# [ASSIGNED TASK]
Among the entries below, which lines include the string "fixes"? Show each one.

____ SOURCE RECORDS

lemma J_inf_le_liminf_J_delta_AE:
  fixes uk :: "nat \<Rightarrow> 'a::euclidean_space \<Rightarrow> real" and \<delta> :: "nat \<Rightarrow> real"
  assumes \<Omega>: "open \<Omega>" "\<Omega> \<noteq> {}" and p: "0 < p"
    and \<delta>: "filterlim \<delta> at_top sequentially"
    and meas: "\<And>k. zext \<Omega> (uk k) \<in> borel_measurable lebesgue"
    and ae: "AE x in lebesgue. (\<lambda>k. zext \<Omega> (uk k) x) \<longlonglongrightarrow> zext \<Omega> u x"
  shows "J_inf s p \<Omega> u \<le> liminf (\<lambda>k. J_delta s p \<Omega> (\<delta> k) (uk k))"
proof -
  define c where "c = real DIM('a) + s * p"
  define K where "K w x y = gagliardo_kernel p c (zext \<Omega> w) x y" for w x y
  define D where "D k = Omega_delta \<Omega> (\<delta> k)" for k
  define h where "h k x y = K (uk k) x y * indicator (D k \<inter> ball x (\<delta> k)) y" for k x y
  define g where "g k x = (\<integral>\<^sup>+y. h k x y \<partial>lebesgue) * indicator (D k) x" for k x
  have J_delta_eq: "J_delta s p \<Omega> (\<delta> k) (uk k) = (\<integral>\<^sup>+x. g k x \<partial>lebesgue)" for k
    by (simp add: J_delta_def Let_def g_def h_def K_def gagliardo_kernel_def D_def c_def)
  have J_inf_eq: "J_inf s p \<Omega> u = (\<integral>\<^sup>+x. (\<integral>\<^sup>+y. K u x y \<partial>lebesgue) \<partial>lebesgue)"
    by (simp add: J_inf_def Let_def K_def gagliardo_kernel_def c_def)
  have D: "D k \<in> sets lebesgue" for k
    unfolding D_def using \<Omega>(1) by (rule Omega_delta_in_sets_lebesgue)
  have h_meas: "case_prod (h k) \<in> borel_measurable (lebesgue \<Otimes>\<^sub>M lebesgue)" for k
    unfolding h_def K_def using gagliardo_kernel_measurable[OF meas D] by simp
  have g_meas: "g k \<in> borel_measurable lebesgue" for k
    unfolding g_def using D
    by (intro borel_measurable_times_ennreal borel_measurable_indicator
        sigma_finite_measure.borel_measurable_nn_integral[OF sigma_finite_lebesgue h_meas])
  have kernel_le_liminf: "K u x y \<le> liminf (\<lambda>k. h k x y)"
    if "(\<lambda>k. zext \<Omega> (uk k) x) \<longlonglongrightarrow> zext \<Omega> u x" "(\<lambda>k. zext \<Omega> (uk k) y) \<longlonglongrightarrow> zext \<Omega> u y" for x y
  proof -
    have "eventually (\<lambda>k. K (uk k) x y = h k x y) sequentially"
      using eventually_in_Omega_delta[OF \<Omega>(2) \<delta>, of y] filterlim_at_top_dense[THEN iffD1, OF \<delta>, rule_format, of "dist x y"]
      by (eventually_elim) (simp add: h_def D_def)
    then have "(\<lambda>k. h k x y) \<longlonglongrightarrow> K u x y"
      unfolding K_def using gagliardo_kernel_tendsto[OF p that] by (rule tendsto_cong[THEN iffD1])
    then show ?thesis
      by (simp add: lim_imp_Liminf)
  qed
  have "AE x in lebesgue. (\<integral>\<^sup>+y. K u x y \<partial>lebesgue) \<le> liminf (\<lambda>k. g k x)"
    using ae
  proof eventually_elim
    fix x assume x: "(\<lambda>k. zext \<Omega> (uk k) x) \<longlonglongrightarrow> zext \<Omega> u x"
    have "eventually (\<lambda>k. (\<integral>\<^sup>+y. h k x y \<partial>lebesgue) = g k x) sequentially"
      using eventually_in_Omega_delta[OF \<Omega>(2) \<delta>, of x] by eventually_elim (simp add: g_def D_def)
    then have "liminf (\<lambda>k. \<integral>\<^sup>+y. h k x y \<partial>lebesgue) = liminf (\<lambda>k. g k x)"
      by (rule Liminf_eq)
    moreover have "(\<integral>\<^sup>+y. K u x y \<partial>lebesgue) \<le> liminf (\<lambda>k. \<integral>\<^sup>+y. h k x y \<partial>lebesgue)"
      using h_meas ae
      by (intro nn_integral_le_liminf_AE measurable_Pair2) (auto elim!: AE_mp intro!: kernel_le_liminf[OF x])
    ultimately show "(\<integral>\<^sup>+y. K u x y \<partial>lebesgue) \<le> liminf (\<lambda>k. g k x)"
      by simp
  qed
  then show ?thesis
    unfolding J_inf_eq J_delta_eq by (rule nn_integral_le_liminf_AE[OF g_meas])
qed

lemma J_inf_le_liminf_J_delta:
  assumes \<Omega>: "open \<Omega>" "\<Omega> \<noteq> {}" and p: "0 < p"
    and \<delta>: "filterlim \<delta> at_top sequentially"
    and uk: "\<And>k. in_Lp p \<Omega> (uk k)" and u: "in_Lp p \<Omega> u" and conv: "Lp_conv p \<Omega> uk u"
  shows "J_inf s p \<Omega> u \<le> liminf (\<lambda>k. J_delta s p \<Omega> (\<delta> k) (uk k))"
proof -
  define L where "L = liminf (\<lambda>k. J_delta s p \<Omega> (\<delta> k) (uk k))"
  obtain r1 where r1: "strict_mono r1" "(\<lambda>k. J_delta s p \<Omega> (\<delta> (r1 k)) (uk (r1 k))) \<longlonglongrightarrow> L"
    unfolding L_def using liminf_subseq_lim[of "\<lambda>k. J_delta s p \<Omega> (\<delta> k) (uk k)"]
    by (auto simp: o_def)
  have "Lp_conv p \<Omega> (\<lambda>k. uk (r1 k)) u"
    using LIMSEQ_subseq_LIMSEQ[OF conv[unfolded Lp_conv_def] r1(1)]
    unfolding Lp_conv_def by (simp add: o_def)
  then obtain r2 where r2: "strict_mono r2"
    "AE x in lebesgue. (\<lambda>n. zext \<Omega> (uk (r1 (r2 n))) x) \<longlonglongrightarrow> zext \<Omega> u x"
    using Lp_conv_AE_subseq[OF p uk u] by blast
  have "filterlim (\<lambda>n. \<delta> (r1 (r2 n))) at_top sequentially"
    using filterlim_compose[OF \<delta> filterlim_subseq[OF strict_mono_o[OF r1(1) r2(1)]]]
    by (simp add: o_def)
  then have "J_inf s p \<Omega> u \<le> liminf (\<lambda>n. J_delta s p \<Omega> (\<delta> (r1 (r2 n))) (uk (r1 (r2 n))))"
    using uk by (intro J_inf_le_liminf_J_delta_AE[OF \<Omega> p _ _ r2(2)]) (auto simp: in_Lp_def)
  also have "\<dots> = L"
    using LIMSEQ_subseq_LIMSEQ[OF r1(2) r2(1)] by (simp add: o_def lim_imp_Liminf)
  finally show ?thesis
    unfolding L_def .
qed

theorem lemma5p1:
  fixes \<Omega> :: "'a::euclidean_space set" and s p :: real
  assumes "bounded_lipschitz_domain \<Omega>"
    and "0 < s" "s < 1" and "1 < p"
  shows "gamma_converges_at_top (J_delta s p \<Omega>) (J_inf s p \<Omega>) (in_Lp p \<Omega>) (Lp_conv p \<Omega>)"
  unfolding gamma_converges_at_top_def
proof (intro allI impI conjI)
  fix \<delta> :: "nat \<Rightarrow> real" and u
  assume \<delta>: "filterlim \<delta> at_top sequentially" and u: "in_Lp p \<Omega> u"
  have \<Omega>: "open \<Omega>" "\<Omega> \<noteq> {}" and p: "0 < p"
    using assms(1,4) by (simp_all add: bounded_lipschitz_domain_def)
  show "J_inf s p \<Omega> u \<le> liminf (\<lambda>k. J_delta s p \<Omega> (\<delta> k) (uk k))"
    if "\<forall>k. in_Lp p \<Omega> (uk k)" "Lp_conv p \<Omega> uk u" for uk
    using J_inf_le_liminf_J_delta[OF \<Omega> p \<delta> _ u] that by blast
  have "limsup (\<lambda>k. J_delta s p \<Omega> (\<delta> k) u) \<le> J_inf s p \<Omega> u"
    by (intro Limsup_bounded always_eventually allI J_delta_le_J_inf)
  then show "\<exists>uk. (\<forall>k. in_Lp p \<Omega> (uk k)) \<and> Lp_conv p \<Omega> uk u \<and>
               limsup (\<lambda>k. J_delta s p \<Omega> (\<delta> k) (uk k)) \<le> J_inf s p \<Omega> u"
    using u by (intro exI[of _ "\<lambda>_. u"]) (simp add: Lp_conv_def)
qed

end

________

# [WRITTEN SOLUTION]
  fixes uk :: "nat \<Rightarrow> 'a::euclidean_space \<Rightarrow> real" and \<delta> :: "nat \<Rightarrow> real"
  fixes \<Omega> :: "'a::euclidean_space set" and s p :: real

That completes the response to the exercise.